Jim Cramer believes investing in Whirlpool Corporation (NYSE:WHR) is one of the “best ways to play the change” in the Fed’s stance. Cramer regretted he didn’t buy the stock earlier.
In November, Whirlpool Corporation (NYSE:WHR) revealed in an SEC filing that the company plans to sell about 24% of its ownership interest in Whirlpool Whirlpool Corporation (NYSE:WHR) of India Limited in 2024.
Jim Cramer in a recent program praised IoT-based monitoring solutions company Samsara Inc (NYSE:IOT) and said can Samsara Inc (NYSE:IOT) could “be acquired” if it does not keep going “higher?”
A total of 24 hedge funds out of the 910 funds tracked by Insider Monkey had stakes in Samsara Inc (NYSE:IOT).

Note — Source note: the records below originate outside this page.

theorem corollary3p4:
  fixes C :: "(real^'n) set" and \<phi> :: "(real^'n) set \<Rightarrow> (real^'n) set" and x y :: 'n
  assumes "CARD('n) \<ge> 3"
    and "smooth_polytope C"
    and "combinatorial_cube C"
    and "face_poset_iso \<phi> C"
    and "x \<noteq> y"
  defines "Fxy \<equiv> \<phi> (cube_face {x, y} {})"
    and "Fxy' \<equiv> \<phi> (cube_face {x} {y})"
    and "Fx'y \<equiv> \<phi> (cube_face {y} {x})"
    and "Fx'y' \<equiv> \<phi> (cube_face {} {x, y})"
  assumes "(parallel_faces Fxy' Fx'y \<and> parallel_faces Fxy' Fx'y' \<and> parallel_faces Fx'y Fx'y')
         \<or> (parallel_faces Fxy Fx'y \<and> parallel_faces Fxy Fx'y' \<and> parallel_faces Fx'y Fx'y')
         \<or> (parallel_faces Fxy Fxy' \<and> parallel_faces Fxy Fx'y' \<and> parallel_faces Fxy' Fx'y')
         \<or> (parallel_faces Fxy Fxy' \<and> parallel_faces Fxy Fx'y \<and> parallel_faces Fxy' Fx'y)"
  shows "parallel_faces Fxy Fxy' \<and> parallel_faces Fxy Fx'y \<and> parallel_faces Fxy Fx'y'
       \<and> parallel_faces Fxy' Fx'y \<and> parallel_faces Fxy' Fx'y' \<and> parallel_faces Fx'y Fx'y'"
proof -
  interpret labelled_cube C \<phi>
    using assms(3,4) by unfold_locales (simp_all add: combinatorial_cube_def polytope_imp_convex)
  have xy: "x \<noteq> y" "y \<noteq> x"
    using assms(5) by simp_all
  have "lin_face Fxy = lin_face Fxy'" "lin_face Fx'y' = lin_face Fx'y"
    if "lin_face Fxy' = lin_face Fx'y"
    using lin_face_codim2_diagonal[of x y "{x}" "{y}"] lin_face_codim2_diagonal[of x y "{y}" "{x}"] that xy
    unfolding Fxy_def Fxy'_def Fx'y_def Fx'y'_def by (simp_all add: insert_commute)
  moreover have "lin_face Fxy' = lin_face Fxy" "lin_face Fx'y = lin_face Fx'y'"
    if "lin_face Fxy = lin_face Fx'y'"
    using lin_face_codim2_diagonal[of x y "{x, y}" "{}"] lin_face_codim2_diagonal[of x y "{}" "{x, y}"] that xy
    unfolding Fxy_def Fxy'_def Fx'y_def Fx'y'_def by (simp_all add: insert_commute)
  \<comment> \<open>Any three of the four faces contain one of the two diagonal pairs.\<close>
  moreover have "lin_face Fxy' = lin_face Fx'y \<or> lin_face Fxy = lin_face Fx'y'"
    using assms(10) unfolding parallel_faces_def by blast
  ultimately show ?thesis
    unfolding parallel_faces_def by metis
qed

In November, Samsara Inc (NYSE:IOT) posted Q3 results. Adjusted EPS in the period came in at $0.04, beating estimates by $0.03. Revenue jumped about $237.5 million, beating estimates by $11.77 million.
Jim Cramer recommended investors to “hang on” to Prudential Financial Inc (NYSE:PRU). Cramer likes the stock’s dividend yield and was surprised the stock is up just about 3% for the year despite a strong price target and ratings upgrade.
“I think you’ve got a keeper,” Cramer said of Prudential Financial Inc (NYSE:PRU).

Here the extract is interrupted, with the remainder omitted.